The recipe was another of my beloved slow cooked dishes, a pot roast this time, and it’s a perfect all in one dish that just needs some boiled potatoes or creamy mash to soak up all those delicious juices. Any leftovers make a perfect topping for pasta.
The steam in the photos must be the Hobgoblin escaping from the finished dish….
Ingredients (to serve 6 people)
- 2 onions peeled and cut into quarters
- 8 small carrots peeled and cut into large wedges
- 3 celery sticks cut into pieces about the same size as the carrots
- 2 leeks, cut into large chunks (or substitute any of your favourite root vegetables)
- A piece of brisket, about 1.5kg
- About 300ml of dark beer (don’t use Guinness though, it will be too bitter in the final dish)
- About 100ml of beef stock
- A little olive oil and flour
Dust the joint of meat with flour and in a deep frying pan with a little oil, brown the meat all over. Season the joint, remove and put into the cooking pot or slow cooker. Add the vegetables to the frying pan and cook until the onion starts to turn brown at the edges, then put them into the slow cooker (or oven dish if you are cooking in a conventional oven).
Pour the beer and stock into the frying pan and scrape up the juices from the beef. Sprinkle in a level tablespoon of flour and stir as you heat the liquid. It will start to thicken slightly. Bring the liquid to a boil and pour over the meat.
Cook in the slow cooker for an hour on high and then for about a further 7 hours on low until the meat is really tender. In a conventional oven it will need about 4 hours on low. You will need to turn the meat over 2 or 3 times during the cooking period as it will not be covered entirely by the liquid in the pot.

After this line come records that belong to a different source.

(* Let $G$ be a finite abelian group of type $(m_1,\dots,m_r)$. Then $$\operatorname{diam}^+(G)=\sum_{i=1}^r (m_i-1).$$
   Context: Groups are written additively. A finite abelian group $G$ has type $(m_1,\dots,m_r)$ if $G\cong \mathbb{Z}_{m_1}\oplus\dots\oplus\mathbb{Z}_{m_r}$ with $1\neq m_1\mid m_2\mid\dots\mid m_r$; $r$ is the rank $\operatorname{rk}(G)$. For $A\subseteq G$ let $A_0:=A\cup\{0\}$ and for $\rho\in\mathbb{N}_0$ let $\langle A\rangle^+_\rho:=\rho A_0=\{a_1+\dots+a_\rho: a_i\in A_0\}$ (so $\langle A\rangle_0^+=\{0\}$), the set of elements expressible as a sum of at most $\rho$ elements of $A$. The positive diameter of $G$ with respect to $A$ is $\operatorname{diam}^+_A(G):=\min\{\rho\in\mathbb{N}_0:\langle A\rangle^+_\rho=G\}$ (with $\min\varnothing=\infty$, so it is finite iff $A$ generates $G$). The absolute diameter is $\operatorname{diam}^+(G):=\max\{\operatorname{diam}^+_A(G): A\subseteq G,\ \langle A\rangle=G\}$. *)

theory Defs
  imports "HOL-Algebra.Algebra" "HOL-Library.Extended_Nat"
begin

text \<open>Groups in HOL-Algebra are written multiplicatively; the group operation
  plays the role of the paper's addition and the unit the role of 0.\<close>

primrec pos_sums :: "('a, 'b) monoid_scheme \<Rightarrow> 'a set \<Rightarrow> nat \<Rightarrow> 'a set" where
  "pos_sums G A 0 = {\<one>\<^bsub>G\<^esub>}"
| "pos_sums G A (Suc n) = {x \<otimes>\<^bsub>G\<^esub> a | x a. x \<in> pos_sums G A n \<and> a \<in> A \<union> {\<one>\<^bsub>G\<^esub>}}"

definition pos_diam_wrt :: "('a, 'b) monoid_scheme \<Rightarrow> 'a set \<Rightarrow> enat" where
  "pos_diam_wrt G A =
     (if \<exists>\<rho>. pos_sums G A \<rho> = carrier G
      then enat (LEAST \<rho>. pos_sums G A \<rho> = carrier G) else \<infinity>)"

definition pos_diam :: "('a, 'b) monoid_scheme \<Rightarrow> enat" where
  "pos_diam G = Sup {pos_diam_wrt G A | A. A \<subseteq> carrier G \<and> generate G A = carrier G}"

end

theory Submission
  imports Defs "HOL-Computational_Algebra.Primes"
begin

(* Both bounds are proved for a basis g_0, ..., g_(r-1) of a subgroup S with orders n_0 | ... | n_(r-1):
   the map c \<mapsto> g_0^c_0 \<otimes> ... \<otimes> g_(r-1)^c_(r-1) is a bijection from the box of exponent vectors
   with 0 \<le> c_i < n_i onto S (section on power products and bases).

   Lower bound: a product of at most \<rho> of the g_i is a power product with exponent sum at most \<rho>;
   by uniqueness of reduced exponents, g_0^(n_0-1) \<otimes> ... \<otimes> g_(r-1)^(n_(r-1)-1) needs \<Sum>(n_i - 1) factors.

   Upper bound, for ANY generating set A of S, by induction on \<Sum> n_i.  A prime p dividing the first
   non-trivial n_j divides every non-trivial n_i.  The subgroup S^p of p-th powers is generated by the
   p-th powers of A and has the basis g_i^p with orders n_i' = n_i / p (or 1), so by induction it is
   covered by products of p \<Sum>(n_i' - 1) elements of A.  Since [S : S^p] = p^t and S / S^p has exponent p,
   adjoining elements of A one at a time gives S = S^p \<otimes> (products of at most (p - 1) t elements of A).
   The identity \<Sum>(n_i - 1) = p \<Sum>(n_i' - 1) + (p - 1) t closes the induction.

   The main theorem transports the standard basis of the product of the cyclic groups Z_(m_i) along the
   given isomorphism and combines the two bounds. *)


context monoid
begin
(* Let sigma~[zs] = opp_cond_of sX zs be the law of X's action in round |zs| when sigma_X faces
   the pure sequence zs of Y-actions. Against a pure sequence sigma_X and sigma~ yield the same
   stage payoffs, so by autocracy of sigma_X each discounted partial sum along a pure sequence of
   length T equals minus a tail of the series and is at most M lam^T / (1 - lam) in absolute value,
   M = sum |phi|. Against an arbitrary sigma_Y, X's action under sigma~ depends only on Y's past
   actions and is therefore independent of Y's simultaneous action; hence the T-th discounted
   partial sum of sigma~ against sigma_Y is an average of such pure partial sums over Y's realized
   sequences, and it tends to 0. *)

theory Submission
  imports Defs
begin

lemma sum_lists_length_Suc:
  "(\<Sum>h\<in>{h::'a::finite list. length h = Suc n}. f h) = (\<Sum>h\<in>{h. length h = n}. \<Sum>a\<in>UNIV. f (h @ [a]))"
proof -
  have lists_eq: "{h::'a list. length h = Suc n} = (\<lambda>(h, a). h @ [a]) ` ({h. length h = n} \<times> UNIV)"
  proof (intro set_eqI iffI)
    fix h :: "'a list" assume "h \<in> {h. length h = Suc n}"
    then have "h = butlast h @ [last h]" "length (butlast h) = n"
      by (auto intro: append_butlast_last_id[symmetric])
    then show "h \<in> (\<lambda>(h, a). h @ [a]) ` ({h. length h = n} \<times> UNIV)"
      by (auto intro!: image_eqI[where x = "(butlast h, last h)"])
  qed auto
  have inj: "inj_on (\<lambda>(h, a). h @ [a]) ({h::'a list. length h = n} \<times> UNIV)"
    by (auto simp: inj_on_def)
  show ?thesis
    unfolding lists_eq sum.reindex[OF inj] by (simp add: sum.cartesian_product case_prod_beta)
qed

lemma sum_UNIV_pair:
  "(\<Sum>a\<in>UNIV. f a) = (\<Sum>x\<in>UNIV. \<Sum>y\<in>(UNIV::'y::finite set). f (x::'x::finite, y))"
  by (simp add: UNIV_Times_UNIV[symmetric] sum.cartesian_product del: UNIV_Times_UNIV)

lemma sum_pmf_times_pmf:
  "(\<Sum>x\<in>UNIV. \<Sum>y\<in>UNIV. pmf p x * pmf q y * f x y)
   = (\<Sum>y\<in>UNIV. pmf q y * (\<Sum>x\<in>(UNIV::'x::finite set). pmf p x * f x y))"
  by (subst sum.swap) (simp add: sum_distrib_left mult_ac)

lemma sum_pmf_times_pmf_snd:
  "(\<Sum>x\<in>(UNIV::'x::finite set). \<Sum>y\<in>UNIV. pmf p x * pmf q y * g y) = (\<Sum>y\<in>UNIV. pmf q y * g y)"
  by (simp add: sum_pmf_times_pmf sum_distrib_right[symmetric] sum_pmf_eq_1)

lemma hist_prob_Nil [simp]: "hist_prob sX sY [] = 1"
  by (simp add: hist_prob_def)

lemma hist_prob_snoc:
  "hist_prob sX sY (h @ [(x, y)]) = hist_prob sX sY h * pmf (sX h) x * pmf (sY h) y"
proof -
  have "hist_prob sX sY (h @ [(x, y)])
      = (\<Prod>t<length h. pmf (sX (take t (h @ [(x, y)]))) (fst ((h @ [(x, y)]) ! t))
                     * pmf (sY (take t (h @ [(x, y)]))) (snd ((h @ [(x, y)]) ! t)))
        * (pmf (sX h) x * pmf (sY h) y)"
    by (simp add: hist_prob_def prod.lessThan_Suc)
  also have "(\<Prod>t<length h. pmf (sX (take t (h @ [(x, y)]))) (fst ((h @ [(x, y)]) ! t))
                     * pmf (sY (take t (h @ [(x, y)]))) (snd ((h @ [(x, y)]) ! t)))
           = hist_prob sX sY h"
    unfolding hist_prob_def by (rule prod.cong) (auto simp: nth_append)
  finally show ?thesis by (simp add: mult.assoc)
qed

lemma hist_prob_nonneg: "0 \<le> hist_prob sX sY h"
  unfolding hist_prob_def by (auto intro!: prod_nonneg)

lemma hist_prob_cong:
  assumes "\<And>t. t < length h \<Longrightarrow> sX (take t h) = sX' (take t h) \<and> sY (take t h) = sY' (take t h)"
  shows "hist_prob sX sY h = hist_prob sX' sY' h"
  unfolding hist_prob_def using assms by (intro prod.cong) auto

lemma sum_hist_prob_length_Suc:
  "(\<Sum>h\<in>{h::('x::finite \<times> 'y::finite) list. length h = Suc n}. hist_prob sX sY h * f h)
   = (\<Sum>h\<in>{h. length h = n}. hist_prob sX sY h *
        (\<Sum>x\<in>UNIV. \<Sum>y\<in>UNIV. pmf (sX h) x * pmf (sY h) y * f (h @ [(x, y)])))"
  by (simp add: sum_lists_length_Suc sum_UNIV_pair hist_prob_snoc sum_distrib_left mult_ac)

lemma sum_hist_prob_take:
  "(\<Sum>h\<in>{h::('x::finite \<times> 'y::finite) list. length h = n + k}. hist_prob sX sY h * f (take n h))
   = (\<Sum>h\<in>{h. length h = n}. hist_prob sX sY h * f h)"
proof (induction k)
  case 0
  show ?case by (intro sum.cong) auto
next
  case (Suc k)
  have one_step: "(\<Sum>x\<in>UNIV. \<Sum>y\<in>UNIV. pmf (sX h) x * pmf (sY h) y * f (take n (h @ [(x, y)])))
      = f (take n h)" if "length h = n + k" for h
  proof -
    have "(\<Sum>x\<in>UNIV. \<Sum>y\<in>UNIV. pmf (sX h) x * pmf (sY h) y * f (take n (h @ [(x, y)])))
        = (\<Sum>y\<in>UNIV. pmf (sY h) y * f (take n h))"
      using that sum_pmf_times_pmf_snd[of "sX h" "sY h" "\<lambda>_. f (take n h)"] by simp
    also have "\<dots> = f (take n h)"
      by (simp add: sum_distrib_right[symmetric] sum_pmf_eq_1)
    finally show ?thesis .
  qed
  have "(\<Sum>h\<in>{h. length h = n + Suc k}. hist_prob sX sY h * f (take n h))
      = (\<Sum>h\<in>{h. length h = n + k}. hist_prob sX sY h * f (take n h))"
    unfolding add_Suc_right sum_hist_prob_length_Suc by (intro sum.cong refl) (simp only: mem_Collect_eq one_step)
  then show ?case using Suc.IH by simp
qed

lemma sum_hist_prob_eq_1:
  "(\<Sum>h\<in>{h::('x::finite \<times> 'y::finite) list. length h = n}. hist_prob sX sY h) = 1"
  using sum_hist_prob_take[where n = 0 and k = n and f = "\<lambda>_. 1"] by simp

lemma abs_sum_hist_prob_le:
  assumes "\<And>h. length h = n \<Longrightarrow> \<bar>f h\<bar> \<le> B"
  shows "\<bar>\<Sum>h\<in>{h::('x::finite \<times> 'y::finite) list. length h = n}. hist_prob sX sY h * f h\<bar> \<le> B"
  using convex_sum_bound_le[where a = f and b = 0, OF hist_prob_nonneg sum_hist_prob_eq_1] assms
  by (simp add: mult.commute)

lemma stage_exp_eq:
  "stage_exp phi sX sY t = (\<Sum>h\<in>{h. length h = t}. hist_prob sX sY h *
      (\<Sum>x\<in>UNIV. \<Sum>y\<in>UNIV. pmf (sX h) x * pmf (sY h) y * phi (x, y)))"
  unfolding stage_exp_def sum_hist_prob_length_Suc by simp

lemma norm_suminf_minus_sum_le_geometric:
  fixes f :: "nat \<Rightarrow> 'a::banach"
  assumes "0 \<le> q" "q < 1" and f_le: "\<And>t. norm (f t) \<le> M * q ^ t"
  shows "norm (suminf f - (\<Sum>t<T. f t)) \<le> M * q ^ T / (1 - q)"
proof -
  have geometric: "summable (\<lambda>n. c * q ^ n)" for c
    using assms by (intro summable_mult summable_geometric) simp
  have "suminf f - (\<Sum>t<T. f t) = (\<Sum>n. f (n + T))"
    using suminf_split_initial_segment[OF summable_comparison_test'[OF geometric f_le], of T]
    by (simp add: algebra_simps)
  also have "norm \<dots> \<le> (\<Sum>n. M * q ^ T * q ^ n)"
  proof (rule norm_suminf_le)
    show "norm (f (n + T)) \<le> M * q ^ T * q ^ n" for n
      using f_le[of "n + T"] by (simp add: power_add mult_ac)
  qed (rule geometric)
  also have "\<dots> = M * q ^ T / (1 - q)"
    using assms by (simp add: suminf_mult suminf_geometric)
  finally show ?thesis .
qed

When it is cooked, remove the meat and vegetables from the sauce. If the sauce looks too thin, put it into a pan and either fast boil it to reduce or make a beurre manié . It’s made with equal parts of butter and flour mixed together and stirred into the hot liquid – about a tablespoon of each for this dish. Add it to the liquid and cook until thickened. Check for seasoning and adjust if necessary, pour over the meat and vegetables and enjoy.